I’ve been worried a lot lately about whether I’m the person I think I am. And if I’m not, who am I? This isn’t like Alice in Wonderland, where my identity is only a question of my height and weight and whether I can talk to cats. Alice had it easy.
You’ll have to forgive me if I seem confused or if I don’t make an effort in our conversations. It’s not because I don’t care – actually, it’s because I care too much. Every now and then I want to tell you exactly how much is too much, but I know that’s not a good idea, and so most of the time I just try to keep my mouth shut.
It’s interesting how differently everyone in the world perceives us. In any given moment, we could be unknowingly making an impact on someone’s life in a way we can’t imagine. Other times, we do know exactly the impact we’re making, and if it’s a bad one we just have to hope we won’t cross paths with that person again, or if we do it will be under kinder circumstances. The older we get, the longer grows the list of people we wish we could re-do our last moments with. I think last moments are scariest as much because they might not actually be last moments as for any other reason.
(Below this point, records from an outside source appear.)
lemma partial_divop_summand:
  fixes u :: "real^'n::finite \<Rightarrow> real"
  assumes du: "u differentiable (at x)" "\<forall>j. partial j u differentiable (at x)" and pos: "u x > 0"
  defines "S \<equiv> sqrt ((u x)^2 + grad_sq u x)"
  shows "partial i (\<lambda>y. u y * partial i u y / sqrt ((u y)^2 + grad_sq u y)) x
      = ((partial i u x)^2 + u x * partial i (partial i u) x) / S
        - u x * partial i u x * (u x * partial i u x + (hessian u x *v grad u x)$i) / S^3"
proof (rule partial_eqI)
  have "S > 0" using pos by (simp add: S_def grad_sq_def add_pos_nonneg sum_nonneg)
  define X where "X t = (u (x + t *\<^sub>R axis i 1))^2 + grad_sq u (x + t *\<^sub>R axis i 1)" for t
  define X' where "X' = 2 * u x * partial i u x + 2 * (hessian u x *v grad u x)$i"
  have "(X has_real_derivative X') (at 0)"
    unfolding X_def X'_def
    by (auto intro!: derivative_eq_intros has_real_derivative_partial[OF du(1)]
        has_real_derivative_grad_sq_axis du(2))
  moreover have "X 0 = S^2" "sqrt (X 0) = S" using \<open>S > 0\<close> by (simp_all add: X_def S_def)
  ultimately have "((\<lambda>t. sqrt (X t)) has_real_derivative X' / (2 * S)) (at 0)"
    using \<open>S > 0\<close> DERIV_chain2[OF DERIV_real_sqrt, of X 0 X'] by (simp add: divide_simps mult.commute)
  moreover have "((\<lambda>t. u (x + t *\<^sub>R axis i 1) * partial i u (x + t *\<^sub>R axis i 1)) has_real_derivative
      partial i u x * partial i u x + u x * partial i (partial i u) x) (at 0)"
    using du(2) by (auto intro!: derivative_eq_intros has_real_derivative_partial[OF du(1)]
        has_real_derivative_partial[of "partial i u"])
  ultimately have "((\<lambda>t. u (x + t *\<^sub>R axis i 1) * partial i u (x + t *\<^sub>R axis i 1) / sqrt (X t))
      has_real_derivative ((partial i u x * partial i u x + u x * partial i (partial i u) x) * S
        - u x * partial i u x * (X' / (2 * S))) / (S * S)) (at 0)"
    using DERIV_divide \<open>sqrt (X 0) = S\<close> \<open>S > 0\<close> by fastforce
  moreover have "((partial i u x * partial i u x + u x * partial i (partial i u) x) * S
        - u x * partial i u x * (X' / (2 * S))) / (S * S)
      = ((partial i u x)^2 + u x * partial i (partial i u) x) / S
        - u x * partial i u x * (u x * partial i u x + (hessian u x *v grad u x)$i) / S^3"
    using \<open>S > 0\<close> by (simp add: X'_def field_simps power2_eq_square power3_eq_cube)
  ultimately show "((\<lambda>t. u (x + t *\<^sub>R axis i 1) * partial i u (x + t *\<^sub>R axis i 1)
      / sqrt ((u (x + t *\<^sub>R axis i 1))^2 + grad_sq u (x + t *\<^sub>R axis i 1))) has_real_derivative
      ((partial i u x)^2 + u x * partial i (partial i u) x) / S
      - u x * partial i u x * (u x * partial i u x + (hessian u x *v grad u x)$i) / S^3) (at 0)"
    by (simp add: X_def)
qed
(*
  Write X = B + C and Y = B - C.  Since X + Y = 2 B, the three traces combine to
  tr X^2 + tr Y^2 + 2 tr XY = tr (X + Y)^2 = 4 tr B^2 (using tr XY = tr YX), the parallelogram law
  gives ||X||_2^2 + ||Y||_2^2 = 2 ||B||_2^2 + 2 ||C||_2^2, and Re tr (Y^* X) = ||B||_2^2 - ||C||_2^2.
  Hence the right-hand side is |tr B^2| / 2 + ||B||_2^2 / 2.  For |w| = 1 one computes
  ||Re (w B)||_2^2 = Re (w^2 tr B^2) / 2 + ||B||_2^2 / 2, so choosing lambda_1 = 1, lambda_2 = 0 and
  w = exp (i theta) with w^2 tr B^2 = |tr B^2| attains this value.

  The analytic work is in making these traces meaningful: a Hilbert-Schmidt operator has an
  adjoint, given by an orthonormal expansion, and tr (P^* Q) = sum_e <P e, Q e> may be computed
  in any orthonormal basis, because the double series of <P e, f> <f, Q e> converges absolutely.
*)

theory Submission
  imports Defs
begin

section \<open>Complex inner product spaces\<close>

lemma scaleC_zero_left [simp]: "0 *\<^sub>C (x::'a::complex_vector) = 0"
  by (metis scaleR_scaleC scale_zero_left of_real_0)

lemma cinner_add_right: "cinner (x::'a::complex_inner) (y + z) = cinner x y + cinner x z"
  by (metis cinner_add_left cinner_commute complex_cnj_add)
(* Let $n,m$ be positive integers and $\pi\in S_n$. Then $x_m(\pi)=\dfrac{\Omega_\pi(m)}{(2m+1)^n}$, $x^*_m(\pi)=\dfrac{\Omega^*_\pi(m)}{(2m)^n}$, $x^+_m(\pi)=\dfrac{\Omega^+_\pi(m)}{m^n}$, and moreover $y_m(\pi)=x_m(\pi^{-1})$, $y^*_m(\pi)=x^*_m(\pi^{-1})$, $y^+_m(\pi)=x^+_m(\pi^{-1})$.
   Context: Integers are written with $\bar i=-i$, ordered $0<_{\mathbb Z}\bar1<_{\mathbb Z}1<_{\mathbb Z}\bar2<_{\mathbb Z}2<_{\mathbb Z}\cdots$, $|\bar j|=j$. Write $a\prec_+ b$ if $a<_{\mathbb Z}b$ or $a=b\in\{0,1,2,\ldots\}$, and $a\prec_- b$ if $a<_{\mathbb Z}b$ or $a=b\in\{\bar1,\bar2,\ldots\}$. For $\pi\in S_n$, a $\pi$-partition is $f:[n]\to\mathbb Z$ with, for each $1\le i<n$, $f(\pi(i))\prec_+ f(\pi(i+1))$ if $\pi(i)<\pi(i+1)$ and $f(\pi(i))\prec_- f(\pi(i+1))$ if $\pi(i)>\pi(i+1)$. $\Omega_\pi(m)$ counts $\pi$-partitions with $|f(i)|\le m$; $\Omega^*_\pi(m)$ counts those also never equal to $0$; $\Omega^+_\pi(m)$ counts those with values in $\{1,\ldots,m\}$. Shelf shufflers: a deck of cards labeled $1,\ldots,n$ top to bottom; cards are taken in order $1,\ldots,n$, each independently placed. Lazy mode: each card chooses uniformly among $2m+1$ options: shelf $0$ (placed below the cards already there), or shelf $j\in\{1,\ldots,m\}$ on top of, or below, the cards already there. Standard mode: same without shelf $0$ ($2m$ options). Strict mode: uniformly one of shelves $1,\ldots,m$, always placed below the cards already there. Finally piles are stacked with shelf $0$ (if present) on top, then shelf $1$, ..., shelf $m$; the result is the permutation $\pi$ with $\pi(i)$ the card in position $i$ from the top. $x_m(\pi),x^*_m(\pi),x^+_m(\pi)$ are the probabilities of obtaining $\pi$ in lazy, standard, strict mode. Riffle shuffles: for a weak composition $A$ of $n$ into $r$ parts, chosen with multinomial probability $\binom{n}{A}/r^n$, cut the deck $1,\ldots,n$ into consecutive piles of these sizes, then interleave the piles, each of the $\binom nA$ interleavings (keeping each pile's internal order) being equally likely; $\pi(i)$ is the card in position $i$. Classic $m$-riffle: $r=m$, no piles reversed. Down-up $m$-riffle: $r=2m$, piles $1,3,5,\ldots$ reversed. Up-down $m$-riffle: $r=2m+1$, piles $2,4,6,\ldots$ reversed. $y^+_m(\pi)$, $y^*_m(\pi)$, $y_m(\pi)$ denote the probabilities of obtaining $\pi$ from a classic, down-up, up-down $m$-riffle shuffle respectively. *)

theory Defs
  imports "HOL-Combinatorics.Permutations" "HOL-Library.FuncSet" Complex_Main
begin

text \<open>Rank realising the order 0 < -1 < 1 < -2 < 2 < ... .\<close>
definition zrank :: "int \<Rightarrow> nat" where
  "zrank a = (if a = 0 then 0 else if a < 0 then 2 * nat (-a) - 1 else 2 * nat a)"
definition riemann_surface :: "'a topology \<Rightarrow> 'a chart set \<Rightarrow> bool" where
  "riemann_surface X A \<longleftrightarrow>
     Hausdorff_space X \<and> connected_space X \<and> topspace X \<noteq> {} \<and>
     \<Union>(fst ` A) = topspace X \<and>
     (\<forall>(U,\<phi>)\<in>A. openin X U \<and> open (\<phi> ` U) \<and>
        homeomorphic_map (subtopology X U) (top_of_set (\<phi> ` U)) \<phi>) \<and>
     (\<forall>(U,\<phi>)\<in>A. \<forall>(V,\<psi>)\<in>A. (\<psi> \<circ> inv_into U \<phi>) holomorphic_on \<phi> ` (U \<inter> V))"

definition loc :: "'a chart \<Rightarrow> ('a \<Rightarrow> complex) \<Rightarrow> complex \<Rightarrow> complex" where
  "loc c f = f \<circ> inv_into (fst c) (snd c)"

text \<open>Meromorphic function on the Riemann surface (values at non-poles are the
  holomorphic values).\<close>
definition rs_meromorphic :: "'a topology \<Rightarrow> 'a chart set \<Rightarrow> ('a \<Rightarrow> complex) \<Rightarrow> bool" where
  "rs_meromorphic X A f \<longleftrightarrow>
     (\<forall>c\<in>A. loc c f meromorphic_on (snd c ` fst c) \<and>
        (\<forall>w\<in>snd c ` fst c. \<not> is_pole (loc c f) w \<longrightarrow> loc c f analytic_on {w}))"

definition only_simple_poles :: "'a topology \<Rightarrow> 'a chart set \<Rightarrow> ('a \<Rightarrow> complex) \<Rightarrow> bool" where
  "only_simple_poles X A f \<longleftrightarrow>
     (\<forall>c\<in>A. \<forall>w\<in>snd c ` fst c. is_pole (loc c f) w \<longrightarrow> zorder (loc c f) w = -1)"

definition pole_set :: "'a topology \<Rightarrow> 'a chart set \<Rightarrow> ('a \<Rightarrow> complex) \<Rightarrow> 'a set" where
  "pole_set X A f = {p \<in> topspace X. \<exists>c\<in>A. p \<in> fst c \<and> is_pole (loc c f) (snd c p)}"

text \<open>G is a meromorphic primitive of h dg, i.e. dG = h dg.\<close>
definition meromorphic_primitive ::
  "'a topology \<Rightarrow> 'a chart set \<Rightarrow> ('a \<Rightarrow> complex) \<Rightarrow> ('a \<Rightarrow> complex) \<Rightarrow> ('a \<Rightarrow> complex) \<Rightarrow> bool" where
  "meromorphic_primitive X A G h g \<longleftrightarrow> rs_meromorphic X A G \<and>
     (\<forall>c\<in>A. \<forall>w\<in>snd c ` fst c.
        \<not> is_pole (loc c h) w \<and> \<not> is_pole (loc c g) w \<and> \<not> is_pole (loc c G) w \<longrightarrow>
        deriv (loc c G) w = loc c h w * deriv (loc c g) w)"

definition legF :: "('a \<Rightarrow> complex) \<Rightarrow> ('a \<Rightarrow> complex) \<Rightarrow> ('a \<Rightarrow> complex) \<Rightarrow> nat \<Rightarrow> 'a \<Rightarrow> complex" where
  "legF h g G i p = [1, h p * g p / 2 - G p, g p, - h p / 2] ! i"

text \<open>A map into CP^3 given by meromorphic homogeneous components fs 0..3 is an
  immersion at p iff near p it has a holomorphic nowhere-vanishing lift Z to
  C^4 - {0} (agreeing projectively with fs off the poles) such that Z(p) and
  Z'(p) are linearly independent (i.e. d(pi o Z) is injective at p).\<close>
definition proj_immersion_at :: "'a topology \<Rightarrow> 'a chart set \<Rightarrow> (nat \<Rightarrow> 'a \<Rightarrow> complex) \<Rightarrow> 'a \<Rightarrow> bool" where
  "proj_immersion_at X A fs p \<longleftrightarrow>
     (\<exists>c\<in>A. p \<in> fst c \<and>
       (\<exists>W Z. open W \<and> snd c p \<in> W \<and> W \<subseteq> snd c ` fst c \<and>
          (\<forall>i<4. Z i holomorphic_on W) \<and>
          (\<forall>w\<in>W. \<exists>i<4. Z i w \<noteq> 0) \<and>
          (\<forall>w\<in>W. (\<forall>i<4. \<not> is_pole (loc c (fs i)) w) \<longrightarrow>
              (\<exists>t. t \<noteq> 0 \<and> (\<forall>i<4. Z i w = t * loc c (fs i) w))) \<and>
          (\<forall>a b. (\<forall>i<4. a * Z i (snd c p) + b * deriv (Z i) (snd c p) = 0) \<longrightarrow> a = 0 \<and> b = 0)))"

definition proj_immersion :: "'a topology \<Rightarrow> 'a chart set \<Rightarrow> (nat \<Rightarrow> 'a \<Rightarrow> complex) \<Rightarrow> bool" where
  "proj_immersion X A fs \<longleftrightarrow> (\<forall>p\<in>topspace X. proj_immersion_at X A fs p)"

definition pair_immersion_on :: "'a topology \<Rightarrow> 'a chart set \<Rightarrow> ('a \<Rightarrow> complex) \<Rightarrow> ('a \<Rightarrow> complex) \<Rightarrow> 'a set \<Rightarrow> bool" where
  "pair_immersion_on X A h g S \<longleftrightarrow>
     (\<forall>p\<in>S. \<exists>c\<in>A. p \<in> fst c \<and>
        (deriv (loc c h) (snd c p) \<noteq> 0 \<or> deriv (loc c g) (snd c p) \<noteq> 0))"

end

theory Submission
  imports Defs
begin

text \<open>
  Away from the poles, F = legF h g G is itself a holomorphic lift whose first coordinate is 1,
  so it is immersive iff F' does not vanish; since G' = h g', we have
  F' = (0, (h'g - hg')/2, g', -h'/2), which vanishes exactly when h' = g' = 0.
  At a pole w0 of h or g write h = a/u and g = b/u with u = w - w0 and a, b holomorphic.
  Then (hg/2 - G)' = (a'b - ab')/(2u^2), so hg/2 - G has at most a simple pole, and
  u F = (u, u (hg/2 - G), b, -a/2) is a holomorphic lift that does not vanish at w0 and whose
  first coordinate has a simple zero there; such a lift is always immersive. Hence F is an
  immersion at every pole, and elsewhere exactly where (h, g) is.
\<close>

section \<open>Simple poles\<close>

lemma analytic_at_imp_eventually_analytic:
  "f analytic_on {z} \<Longrightarrow> eventually (\<lambda>w. f analytic_on {w}) (nhds z)"
  by (metis analytic_at eventually_nhds holomorphic_on_imp_analytic_at)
I feel like we have more in common than we used to, but less desire to make that mean something. There was a time when as close as we may have been, we couldn’t have been more different. Now, the fact that we actually have more in common than we thought seems to mean little except that we were both wrong about yet another thing.
It seems strange to say that things happened when we were kids. Aren’t we still kids? I wonder if it ever really stops feeling like you don’t know what you’re doing. I understand more now why people cling on so desperately to their traditions, even when those traditions are clearly harmful. When something is a part of you, reason drops out of the equation. In the end, we’re all just traditionalists fighting other older or younger traditionalists.
Somehow it’s still comforting to think that we could make our way in the world on isolated yet parallel paths. Even if we’re not headed to the same destination, there are points along the way where our lives intersect, and we feel the exact same way at the exact same time. If we don’t meet up again for some time, then I guess this will be goodbye. Not forever; just for now.